‘Goodbye for now’
Watching horrible events unfold on the news is one thing. Of course it breaks a heart to think that people are actually so awful that they are capable of rape, murder, kidnapping, etc. It can give you an extreme sense of hopelessness, and giving up on the goodness inside of becomes an easy thing to do. When you are on the other side of the camera talking about someone you knew that will never embrace you again, the experience is completely different.
That Sunday is burned in my memory, because no other day in my life has ever brought me so much pain and loss in one day. Rachel sat with me at church like she had every Sunday for the past six months. She was the kind of person you could say anything to and she would listen without judgment. I envied how pure and simple she saw the world and the people in it. This Sunday was different because I wouldn’t see her for a week. After service I gave her a hug and said “have a nice trip.” She said, “goodbye for now,” like she always did.
That afternoon a man walked onto the church’s campus with a gun and a backpack full of ammo. Most people know the story, but not like I do. He shot at Rachel’s van, and killed her sister instantly. They airlifted Rachel out of the parking lot, but reocery looked so bleak. That afternoon I had called friends who went to my church. They all picked up, except for Rachel. Every time I tried to call her I got this sinking feeling in my stomach, and I couldn’t breathe. Never have I felt a stronger premonition that something was wrong.

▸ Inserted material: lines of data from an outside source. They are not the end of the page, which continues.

(* For a measurable space $X$, the following are equivalent: (i) $X$ is sober, i.e. the diagram $X\xrightarrow{\delta}PX\rightrightarrows PPX$ with the two parallel maps $\delta_{PX}$ and $P\delta_X$ is an equalizer diagram in the category of measurable spaces; (ii) the map $x\mapsto\delta_x$ is a bijection between points of $X$ and $\{0,1\}$-valued probability measures on $X$; (iii) the map $X\to\mathrm{Stone}_\sigma(\Sigma(X))$, $x\mapsto(E\mapsto \top\text{ if }x\in E,\ \bot\text{ otherwise})$, is an isomorphism of measurable spaces.
   Context: For a measurable space $X$ with $\sigma$-algebra $\Sigma(X)$, $PX$ is the set of probability measures on $X$ with the smallest $\sigma$-algebra making $p\mapsto p(B)$ measurable for all $B\in\Sigma(X)$; for measurable $f$, $Pf$ is pushforward of measures; $\delta\colon X\to PX$ sends $x$ to the Dirac measure $\delta_x$. For a Boolean $\sigma$-algebra $A$ (a Boolean algebra with countable suprema and infima), $\mathrm{Stone}_\sigma(A)$ is the set of Boolean homomorphisms $A\to\{\bot,\top\}$ preserving countable suprema, equipped with the $\sigma$-algebra consisting of the sets $[a]=\{\phi:\phi(a)=\top\}$, $a\in A$. *)

theory Defs
  imports "HOL-Probability.Probability"
begin

text \<open>P X is the space of probability measures on X (Giry monad, prob_algebra);
  delta is return; P f is pushforward (distr).\<close>

abbreviation PP :: "'a measure \<Rightarrow> 'a measure measure" where
  "PP X \<equiv> prob_algebra X"

text \<open>Sobriety: X --delta--> PX ==> PPX (delta_PX and P delta_X) is an equalizer
  in the category of measurable spaces.  Test objects Z range over measurable
  spaces of an arbitrary (but fixed) type 'z.\<close>

definition sober :: "'z itself \<Rightarrow> 'a measure \<Rightarrow> bool" where
  "sober _ X \<longleftrightarrow>
     return X \<in> X \<rightarrow>\<^sub>M PP X \<and>
     (\<forall>x\<in>space X. return (PP X) (return X x) = distr (return X x) (PP X) (return X)) \<and>
     (\<forall>(Z::'z measure) g. g \<in> Z \<rightarrow>\<^sub>M PP X \<and>
        (\<forall>z\<in>space Z. return (PP X) (g z) = distr (g z) (PP X) (return X)) \<longrightarrow>
        (\<exists>h. h \<in> Z \<rightarrow>\<^sub>M X \<and> (\<forall>z\<in>space Z. return X (h z) = g z) \<and>
             (\<forall>h'. h' \<in> Z \<rightarrow>\<^sub>M X \<and> (\<forall>z\<in>space Z. return X (h' z) = g z) \<longrightarrow>
                   (\<forall>z\<in>space Z. h' z = h z))))"

definition zero_one_measures :: "'a measure \<Rightarrow> 'a measure set" where
  "zero_one_measures X =
     {p \<in> space (PP X). \<forall>A\<in>sets X. emeasure p A = 0 \<or> emeasure p A = 1}"

text \<open>Boolean sigma-homomorphisms Sigma(X) -> {False, True}; represented as
  predicates on sets, equal to False outside sets X (extensionality).\<close>

definition sigma_hom :: "'a measure \<Rightarrow> ('a set \<Rightarrow> bool) \<Rightarrow> bool" where
  "sigma_hom X \<phi> \<longleftrightarrow>
     (\<forall>E. E \<notin> sets X \<longrightarrow> \<not> \<phi> E) \<and>
     \<phi> (space X) \<and> \<not> \<phi> {} \<and>
     (\<forall>E\<in>sets X. \<phi> (space X - E) \<longleftrightarrow> \<not> \<phi> E) \<and>
     (\<forall>E\<in>sets X. \<forall>F\<in>sets X. \<phi> (E \<inter> F) \<longleftrightarrow> \<phi> E \<and> \<phi> F) \<and>
     (\<forall>E\<in>sets X. \<forall>F\<in>sets X. \<phi> (E \<union> F) \<longleftrightarrow> \<phi> E \<or> \<phi> F) \<and>
     (\<forall>F::nat \<Rightarrow> 'a set. range F \<subseteq> sets X \<longrightarrow> (\<phi> (\<Union>(range F)) \<longleftrightarrow> (\<exists>n. \<phi> (F n))))"

definition Stone_sigma :: "'a measure \<Rightarrow> ('a set \<Rightarrow> bool) measure" where
  "Stone_sigma X = measure_of {\<phi>. sigma_hom X \<phi>}
      ((\<lambda>a. {\<phi>. sigma_hom X \<phi> \<and> \<phi> a}) ` sets X) (\<lambda>_. 0)"

definition stone_unit :: "'a measure \<Rightarrow> 'a \<Rightarrow> ('a set \<Rightarrow> bool)" where
  "stone_unit X x = (\<lambda>E. E \<in> sets X \<and> x \<in> E)"

definition measurable_iso :: "'a measure \<Rightarrow> 'b measure \<Rightarrow> ('a \<Rightarrow> 'b) \<Rightarrow> bool" where
  "measurable_iso M N f \<longleftrightarrow>
     f \<in> M \<rightarrow>\<^sub>M N \<and>
     (\<exists>g. g \<in> N \<rightarrow>\<^sub>M M \<and> (\<forall>x\<in>space M. g (f x) = x) \<and> (\<forall>y\<in>space N. f (g y) = y))"

end

theory Submission
  imports Defs
begin

text \<open>A probability measure \<open>p\<close> on \<open>X\<close> satisfies
  \<open>\<delta>\<^sub>P\<^sub>X(p) = P\<delta>\<^sub>X(p)\<close> iff it is \<open>{0,1}\<close>-valued: evaluating both sides on
  \<open>{q. q(A) = 1}\<close> gives \<open>p(A) = [p(A) = 1]\<close>; conversely, for \<open>{0,1}\<close>-valued \<open>p\<close>
  the sets \<open>S \<subseteq> PX\<close> with \<open>p(\<delta>\<^sup>-\<^sup>1 S) = [p \<in> S]\<close> form a \<open>\<sigma>\<close>-algebra containing
  the generators of \<open>PX\<close>. So the equalizer is the subspace of \<open>{0,1}\<close>-valued measures,
  and sobriety says that \<open>\<delta>\<close> is a bijection onto it; measurability of the inverse is
  automatic because \<open>x \<in> A\<close> iff \<open>\<delta>\<^sub>x(A) = 1\<close>. Finally \<open>p \<mapsto> {A. p(A) = 1}\<close> is a
  bijection from \<open>{0,1}\<close>-valued measures onto the \<open>\<sigma>\<close>-homomorphisms \<open>\<Sigma>(X) \<rightarrow> 2\<close>
  which turns \<open>\<delta>\<close> into the Stone unit, and an inverse of the Stone unit is measurable
  since it pulls \<open>A\<close> back to the basic set \<open>[A]\<close>.\<close>

lemma zero_one_measuresD:
  assumes "p \<in> zero_one_measures X"
  shows "prob_space p" "sets p = sets X" "space p = space X"
    and "A \<in> sets X \<Longrightarrow> emeasure p A = 0 \<or> emeasure p A = 1"
  using assms by (auto simp: zero_one_measures_def space_prob_algebra dest: sets_eq_imp_space_eq)

lemma return_in_space_prob_algebra: "x \<in> space X \<Longrightarrow> return X x \<in> space (PP X)"
  using measurable_space[OF measurable_return_prob_space] .

lemma return_in_zero_one_measures: "x \<in> space X \<Longrightarrow> return X x \<in> zero_one_measures X"
  by (auto simp: zero_one_measures_def indicator_def return_in_space_prob_algebra)

lemma measurable_emeasure_prob_algebra[measurable]:
  "A \<in> sets X \<Longrightarrow> (\<lambda>q. emeasure q A) \<in> borel_measurable (PP X)"
  unfolding prob_algebra_def by (intro measurable_restrict_space1 measurable_emeasure_subprob_algebra)

lemma sigma_homI:
  assumes outside: "\<And>E. E \<notin> sets X \<Longrightarrow> \<not> \<phi> E"
    and space: "\<phi> (space X)"
    and compl: "\<And>E. E \<in> sets X \<Longrightarrow> \<phi> (space X - E) \<longleftrightarrow> \<not> \<phi> E"
    and countable_Union: "\<And>F::nat \<Rightarrow> 'a set. range F \<subseteq> sets X \<Longrightarrow> \<phi> (\<Union>(range F)) \<longleftrightarrow> (\<exists>n. \<phi> (F n))"
  shows "sigma_hom X \<phi>"
proof -
  have Un: "\<phi> (E \<union> F) \<longleftrightarrow> \<phi> E \<or> \<phi> F" if "E \<in> sets X" "F \<in> sets X" for E F
  proof -
    have "(\<exists>n. \<phi> (binary E F n)) \<longleftrightarrow> \<phi> E \<or> \<phi> F"
      by (metis binary_def fun_upd_same fun_upd_other zero_neq_one)
    then show ?thesis
      using countable_Union[of "binary E F"] that by (simp add: range_binary_eq)
  qed
  have Int: "\<phi> (E \<inter> F) \<longleftrightarrow> \<phi> E \<and> \<phi> F" if "E \<in> sets X" "F \<in> sets X" for E F
  proof -
    have "E \<inter> F = space X - ((space X - E) \<union> (space X - F))"
      using that sets.sets_into_space by blast
    then show ?thesis using that by (simp add: compl Un)
  qed
  have "\<not> \<phi> {}" using compl[of "space X"] space by simp
  then show ?thesis
    unfolding sigma_hom_def using outside space compl countable_Union Un Int by blast
qed

definition hom_of_measure :: "'a measure \<Rightarrow> 'a measure \<Rightarrow> 'a set \<Rightarrow> bool" where
  "hom_of_measure X p = (\<lambda>A. A \<in> sets X \<and> emeasure p A = 1)"

lemma sigma_hom_hom_of_measure:
  assumes p: "p \<in> zero_one_measures X"
  shows "sigma_hom X (hom_of_measure X p)"
proof -
  interpret prob_space p using zero_one_measuresD(1)[OF p] .
  note sets_p = zero_one_measuresD(2,3)[OF p] and zero_one = zero_one_measuresD(4)[OF p]
  show ?thesis
  proof (rule sigma_homI)
    show "hom_of_measure X p (space X)"
      using emeasure_space_1 by (simp add: hom_of_measure_def sets_p)
  next
    fix E assume E: "E \<in> sets X"
    have "emeasure p (space X - E) = 1 - emeasure p E"
      using emeasure_compl[of E p] emeasure_space_1 E by (simp add: sets_p emeasure_finite)
    then show "hom_of_measure X p (space X - E) \<longleftrightarrow> \<not> hom_of_measure X p E"
      using zero_one[OF E] E by (auto simp: hom_of_measure_def)
  next
    fix F :: "nat \<Rightarrow> 'a set" assume F: "range F \<subseteq> sets X"
    show "hom_of_measure X p (\<Union>(range F)) \<longleftrightarrow> (\<exists>n. hom_of_measure X p (F n))"
    proof (cases "\<exists>n. emeasure p (F n) = 1")
      case True
      then obtain n where "emeasure p (F n) = 1" by blast
      moreover have "emeasure p (F n) \<le> emeasure p (\<Union>(range F))"
        using F by (intro emeasure_mono) (auto simp: sets_p)
      ultimately show ?thesis
        using F emeasure_le_1[of "\<Union>(range F)"] by (auto simp: hom_of_measure_def)
    next
      case False
      then have "emeasure p (\<Union>(range F)) = 0"
        using F zero_one by (intro emeasure_UN_eq_0) (auto simp: sets_p)
      then show ?thesis using False by (simp add: hom_of_measure_def)
    qed
  qed (simp add: hom_of_measure_def)
qed

lemma hom_of_measure_inj: "inj_on (hom_of_measure X) (zero_one_measures X)"
proof (rule inj_onI)
  fix p q assume p: "p \<in> zero_one_measures X" and q: "q \<in> zero_one_measures X"
    and eq: "hom_of_measure X p = hom_of_measure X q"
  show "p = q"
  proof (rule measure_eqI)
    show "sets p = sets q" using zero_one_measuresD(2) p q by metis
  next
    fix A assume "A \<in> sets p"
    then have A: "A \<in> sets X" using zero_one_measuresD(2)[OF p] by simp
    have "emeasure p A = 1 \<longleftrightarrow> emeasure q A = 1"
      using fun_cong[OF eq, of A] A by (simp add: hom_of_measure_def)
    then show "emeasure p A = emeasure q A"
      using zero_one_measuresD(4)[OF p A] zero_one_measuresD(4)[OF q A] by auto
  qed
qed

definition measure_of_hom :: "'a measure \<Rightarrow> ('a set \<Rightarrow> bool) \<Rightarrow> 'a measure" where
  "measure_of_hom X \<phi> = measure_of (space X) (sets X) (\<lambda>A. if \<phi> A then 1 else 0)"

lemma countably_additive_sigma_hom:
  assumes "sigma_hom X \<phi>"
  shows "countably_additive (sets X) (\<lambda>A. if \<phi> A then 1 else 0 :: ennreal)"
  unfolding countably_additive_def
proof (intro allI impI)
  note hom = assms[unfolded sigma_hom_def]
  fix A :: "nat \<Rightarrow> 'a set" assume A: "range A \<subseteq> sets X" and disj: "disjoint_family A"
  have unique: "m = n" if "\<phi> (A m)" "\<phi> (A n)" for m n
  proof (rule ccontr)
    assume "m \<noteq> n"
    then have "A m \<inter> A n = {}" using disj by (auto simp: disjoint_family_on_def)
    then show False using hom that A by (metis range_subsetD)
  qed
  show "(\<Sum>i. if \<phi> (A i) then 1 else 0) = (if \<phi> (\<Union>i. A i) then 1 else 0 :: ennreal)"
  proof (cases "\<exists>n. \<phi> (A n)")
    case True
    then obtain n where n: "\<phi> (A n)" by blast
    have "(\<Sum>i. if \<phi> (A i) then 1 else 0) = (\<Sum>i\<in>{n}. if \<phi> (A i) then 1 else 0 :: ennreal)"
      by (rule suminf_finite) (use unique n in auto)
    then show ?thesis using hom A n by auto
  next
    case False
    then show ?thesis using hom A by simp
  qed
qed
(* The set $\widetilde K_2=\{A\in GU_3(\mathbb{Z}_2): A_{11}\equiv A_{22}\equiv A_{33}\equiv 1\pmod{2+2i}\}$ is a group, and $GU_3(\mathbb{Z}_2)=\widetilde K_2\rtimes GU_3(\mathbb{Z})$.
   Context: $GU_3(R)=\{g\in GL_3(R[i]):gg^*=\lambda I,\ \lambda\in R^\times\}$ with $g^*$ the conjugate transpose ($i\mapsto -i$); here $R[i]=\mathbb{Z}_2[i]$ for $R=\mathbb{Z}_2$. $GU_3(\mathbb{Z})$ is the group of monomial matrices with nonzero entries in $\{\pm1,\pm i\}$. *)

theory Defs
  imports "HOL-Analysis.Analysis" "HOL-Algebra.Algebra"
begin

section \<open>The 2-adic integers \<open>\<int>\<^sub>2\<close> as the inverse limit of \<open>\<int>/2^n\<close>\<close>

typedef z2 = "{f :: nat \<Rightarrow> int. \<forall>n. 0 \<le> f n \<and> f n < 2^n \<and> f (Suc n) mod 2^n = f n}"
  by (rule exI[of _ "\<lambda>_. 0"]) simp

setup_lifting type_definition_z2

lemma z2_coh:
  fixes F :: "int \<Rightarrow> int \<Rightarrow> int"
  assumes F: "\<And>a b a' b' (m::int). a mod m = a' mod m \<Longrightarrow> b mod m = b' mod m \<Longrightarrow> F a b mod m = F a' b' mod m"
    and x: "\<And>n. 0 \<le> x n \<and> x n < 2^n \<and> x (Suc n) mod 2^n = x n"
    and y: "\<And>n. 0 \<le> y n \<and> y n < 2^n \<and> y (Suc n) mod 2^n = y n"
  shows "0 \<le> F (x n) (y n) mod 2^n \<and> F (x n) (y n) mod 2^n < 2^n
     \<and> F (x (Suc n)) (y (Suc n)) mod 2^(Suc n) mod 2^n = F (x n) (y n) mod 2^n"
proof -
  have d: "(2::int)^n dvd 2^Suc n" by simp
  have "F (x (Suc n)) (y (Suc n)) mod 2^(Suc n) mod 2^n = F (x (Suc n)) (y (Suc n)) mod 2^n"
    using d by (simp add: mod_mod_cancel)
  also have "\<dots> = F (x n) (y n) mod 2^n"
    by (rule F) (use x y in auto)
  finally show ?thesis by simp
qed

instantiation z2 :: comm_ring_1
begin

“Good bye for now.” Those words will forever haunt me in a way I can’t describe to you, the reader. Rachel’s murder changed me as a person forever. I still wear a band around my finger with her name on it not only to remember her, but this roadblock that I overcame eventually. Everyone has a moment of revelation; my epiphany taught me to overcome a grief so overwhelming I was paralyzed physically and emotionally. The darkest tunnel has a light at the end, and the most awful situation imaginable has a solution. My solution was forgiveness. It sounds so simple, but it took me four months to forgive the shooter for the pain he caused. I was so mad that he died instantly, I wanted him to die slowly, I wanted him to cry out in pain, I wanted him to feel what Rachel had felt in her last moments. I finally learned to throw these feelings out, and replace them with forgiveness. It was hard, but I apply this lesson to every aspect of my life.